The last punk

Seventies New Wave survivor Wreckless Eric, who plays Belfast this weekend, tells Matthew McCreary of life with Ian Dury and why he still has a passion for music

Friday, 12 March 2010

Like ageing warriors-turned-men-of-peace, many of those rock stars who once told us to kick back against authority are now themselves part of the cultural establishment.

Far from ‘dying before he got old’, Roger Daltrey joined contemporaries like Bryan Ferry and Eric Clapton in becoming a country gent of sorts, while Johnny Rotten has enjoyed a recent stint advertising English butter.

But for Eric Goulden — better known as Wreckless Eric — life is still much as it was when his career as an artist on label Stiff Records was in its 1970s heyday.

In 1977 he hit fame with his pop-punk classic Whole Wide World, which has since been covered by artists as diverse as The Proclaimers, The Lightning Seeds and Mental As Anything, and even in the hit 2006 movie Stranger Than Fiction, starring Will Ferrell.

Now living in a village in the south of France with his American wife and fellow musician Amy Rigby, the 55-year-old still very much embodies the spirit of that era he embraced — and is not altogether impressed with how technology has changed music.

“I'm about to throw a CD player out of the window,” he informs me in his characteristic English drawl, which sounds not unlike that of the aforementioned Mr Rotten.

“Someone has sent me through the internet some tracks as some peculiar file that doesn't seem to exist in my cosmos. It’s positive proof that technology is not actually much cop. People say I'm a Luddite, although I use any technology that's going. But technology isn't great in itself. It's only as good as the ability of the person who's using it.”

The couple are currently in the process of touring on the back of the eponymous joint album they released in 2008. Although both established artists in their own right, the union between them has produced plenty of new material to fuel their live gigs.

“We were both building on what we had done before, although there were stylistic differences,” says Eric. “Amy didn't have a man she was singing harmony with and vice versa. We write the songs between us — it was just a natural thing to do.”

The origin of the couple’s romance reads like something from a hip modern drama, when Amy was joined on stage by Eric while performing Whole Wide World at the same venue where he had debuted it 25 years before. As Amy tells it, though, the reality was not quite so saccharine.

“I knew he was there — in the movie version he would have joined me spontaneously, but actually I was pleading for him to come up and play with me!” she laughs.

“I felt like I'd been playing with Eric for a while because I had been performing Whole Wide World in my set. I was a fan of him and that song — it was such a magical song”.

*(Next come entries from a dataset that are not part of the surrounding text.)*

lemma norm_T_add_scaleR_P_le_near_x:
  assumes "CPP x y"
  obtains r \<mu> where "r > 0" "\<mu> > 0"
    "\<And>u t. norm u = 1 \<Longrightarrow> dist x u < r \<or> dist (- x) u < r \<Longrightarrow> \<bar>t\<bar> \<le> \<mu> \<Longrightarrow>
      norm (blinfun_apply (T + t *\<^sub>R P) u) \<le> 1"
proof -
  obtain r \<mu> where r: "r > 0" and \<mu>: "\<mu> > 0" and H: "\<forall>z w. \<forall>a b::real.
      \<phi> z = 0 \<longrightarrow> norm z = 1 \<longrightarrow> \<psi> w = 0 \<longrightarrow> norm w = 1 \<longrightarrow>
      a *\<^sub>R x + b *\<^sub>R z \<in> ball x r \<longrightarrow> norm (a *\<^sub>R x + b *\<^sub>R z) = 1 \<longrightarrow>
      norm (a *\<^sub>R y + (b * \<mu>) *\<^sub>R w) \<le> 1"
    using assms unfolding CPP_def bj_orth_x_iff bj_orth_y_iff by blast
  have near: "norm (blinfun_apply (T + t *\<^sub>R P) u) \<le> 1"
    if "dist x u < r" "norm u = 1" "\<bar>t\<bar> \<le> \<mu>" for u t
  proof -
    have "norm (\<phi> u *\<^sub>R y + (\<beta> u * \<mu>) *\<^sub>R w) \<le> 1" if "w = w0 \<or> w = - w0" for w
      using H[rule_format, of z0 w "\<phi> u" "\<beta> u"] that \<open>dist x u < r\<close> \<open>norm u = 1\<close>
        \<phi>_z0 norm_z0 \<psi>_w0 norm_w0 domain_coordinates[of u] by (auto simp: \<psi>.neg)
    from this[of w0] this[of "- w0"]
    have "\<phi> u *\<^sub>R y + (\<beta> u * \<mu>) *\<^sub>R w0 \<in> cball 0 1" "\<phi> u *\<^sub>R y - (\<beta> u * \<mu>) *\<^sub>R w0 \<in> cball 0 1"
      by simp_all
    moreover have "\<bar>t / \<mu>\<bar> \<le> 1" using \<mu> \<open>\<bar>t\<bar> \<le> \<mu>\<close> by simp
    ultimately have "\<phi> u *\<^sub>R y + (t / \<mu>) *\<^sub>R ((\<beta> u * \<mu>) *\<^sub>R w0) \<in> cball 0 1"
      by (rule convex_add_scaleR_mem[OF convex_cball])
    then show ?thesis using \<mu> by (simp add: T_add_scaleR_P_apply)
  qed
  have "norm (blinfun_apply (T + t *\<^sub>R P) u) \<le> 1"
    if "norm u = 1" "dist x u < r \<or> dist (- x) u < r" "\<bar>t\<bar> \<le> \<mu>" for u t
  proof (cases "dist x u < r")
    case False
    then have "dist x (- u) < r" using that(2) by (simp add: dist_norm norm_minus_commute add.commute)
    then show ?thesis using near[of "- u" t] that by (simp add: blinfun.minus_right)
  qed (use near that in auto)
  then show ?thesis using that r \<mu> by blast
qed

lemma norm_T_add_scaleR_P_le_away_from_x:
  assumes "r > 0"
  obtains \<delta> where "\<delta> > 0"
    "\<And>u t. norm u = 1 \<Longrightarrow> r \<le> dist x u \<Longrightarrow> r \<le> dist (- x) u \<Longrightarrow> \<bar>t\<bar> \<le> \<delta> \<Longrightarrow>
      norm (blinfun_apply (T + t *\<^sub>R P) u) \<le> 1"
proof -
  obtain \<delta> where \<delta>: "\<delta> > 0"
    and gap: "\<And>u. norm u = 1 \<Longrightarrow> r \<le> dist x u \<Longrightarrow> r \<le> dist (- x) u \<Longrightarrow> \<bar>\<phi> u\<bar> \<le> 1 - \<delta>"
    using abs_\<phi>_le_away_from_x[OF assms] by blast
  have "norm (blinfun_apply (T + t *\<^sub>R P) u) \<le> 1"
    if "norm u = 1" "r \<le> dist x u" "r \<le> dist (- x) u" "\<bar>t\<bar> \<le> \<delta> / 2" for u t
  proof -
    have "norm (blinfun_apply (T + t *\<^sub>R P) u) \<le> \<bar>\<phi> u\<bar> + \<bar>t\<bar> * \<bar>\<beta> u\<bar>"
      using norm_triangle_ineq[of "\<phi> u *\<^sub>R y" "(t * \<beta> u) *\<^sub>R w0"] norm_y norm_w0
      by (simp add: T_add_scaleR_P_apply abs_mult)
    also have "\<dots> \<le> (1 - \<delta>) + \<delta> / 2 * 2"
      using gap[OF that(1-3)] abs_\<beta>_le[of u] that(1,4)
      by (intro add_mono mult_mono) auto
    finally show ?thesis by simp
  qed
  then show ?thesis using that[of "\<delta> / 2"] \<delta> by simp
qed

theorem CPP_imp_not_extreme_point:
  assumes "CPP x y"
  shows "\<not> T extreme_point_of cball 0 1"
proof -
  obtain r \<mu> where "r > 0" "\<mu> > 0"
    and near: "\<And>u t. norm u = 1 \<Longrightarrow> dist x u < r \<or> dist (- x) u < r \<Longrightarrow> \<bar>t\<bar> \<le> \<mu> \<Longrightarrow>
      norm (blinfun_apply (T + t *\<^sub>R P) u) \<le> 1"
    using norm_T_add_scaleR_P_le_near_x[OF assms] by blast
  obtain \<delta> where "\<delta> > 0"
    and away: "\<And>u t. norm u = 1 \<Longrightarrow> r \<le> dist x u \<Longrightarrow> r \<le> dist (- x) u \<Longrightarrow> \<bar>t\<bar> \<le> \<delta> \<Longrightarrow>
      norm (blinfun_apply (T + t *\<^sub>R P) u) \<le> 1"
    using norm_T_add_scaleR_P_le_away_from_x[OF \<open>r > 0\<close>] by blast
  define c where "c = min \<mu> \<delta>"
  have "norm (T + t *\<^sub>R P) \<le> 1" if "\<bar>t\<bar> \<le> c" for t
    using near away that by (intro norm_blinfun_le_1_if_on_sphere) (force simp: c_def not_less)
  from this[of c] this[of "- c"] have "T + c *\<^sub>R P \<in> cball 0 1" "T - c *\<^sub>R P \<in> cball 0 1"
    using \<open>\<mu> > 0\<close> \<open>\<delta> > 0\<close> by (simp_all add: c_def)
  moreover have "c *\<^sub>R P \<noteq> 0" using P_neq_0 \<open>\<mu> > 0\<close> \<open>\<delta> > 0\<close> by (simp add: c_def)
  ultimately show ?thesis
    using extreme_point_of_convex_iff[OF convex_cball, of T 0 1] norm_T by auto
qed

end

theorem mainTheorem8:
  fixes T :: "'a::banach \<Rightarrow>\<^sub>L 'b::banach" and x :: 'a
  assumes "dim (UNIV :: 'a set) = 2" and "dim (UNIV :: 'b set) = 2"
    and "smooth_space TYPE('a)" and "smooth_space TYPE('b)"
    and "strictly_convex_space TYPE('b)"
    and "dim (range (blinfun_apply T)) = 1"
    and "norm T = 1"
    and "norm_att T = {x, -x}"
  shows "T extreme_point_of (cball 0 1) \<longleftrightarrow> \<not> CPP x (blinfun_apply T x)"
proof -
  interpret smooth_rank_one_contraction T x
    using assms by unfold_locales
  show ?thesis
    using CPP_imp_not_extreme_point not_extreme_point_imp_CPP by blast
qed

end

The dizzy heights of stadium rock were never really the obvious direction for Eric or Amy, though Eric has no regrets about the path his career has taken.

“I have no interest in playing Wembley Stadium,” he said. “We saw The Who in Paris, but they're born to it. Because every twat in the world has got a band, it kind of decreases the interest in it.

“It used to be you could spot a bad band from a mile off because they sounded crap but now they can have a veneer of gloss because they are able to make professional sounding recordings.”

He is similarly unimpressed with the manufactured pop scene as embodied by ‘talent’ shows such as The X Factor.

“Everyone wants to be famous now and there's this unhealthy obsession with it,” he says.

Eric’s career development was itself not without a helping hand, though, most notably through the late punk pioneer Ian Dury (above), who mentored the young musician through his early days. “It was my band, but Ian was in charge,” he says of the famously prickly character.

“We would go to the sound check — which I hate — and I would be so shy around these roadies and all. He would shout ‘Sing into that microphone, I can’t hear ya!' but I was so scared and shy I couldn't speak. He would shout ‘What's the matter with you — sing, you f**kin’ c**t!’.

“He knew he was unreasonable. He would be playing the bass drum at midnight and the neighbours were complaining — he would say ‘Tell them to f**k off’ and then just carry on.”

The recent screen biopic of Dury’s life, Sex & Drugs & Rock & Roll, also brought back memories of those heady days for Eric.

“I haven't seen the film, but I watched the trailer — seeing the actor who played Ian [Andy Serkis] was quite disquieting because it was almost him. It was a bit upsetting, though at the same time it wasn't him.”

He adds: “But I will go and see the movie — I'll have to, I suppose.”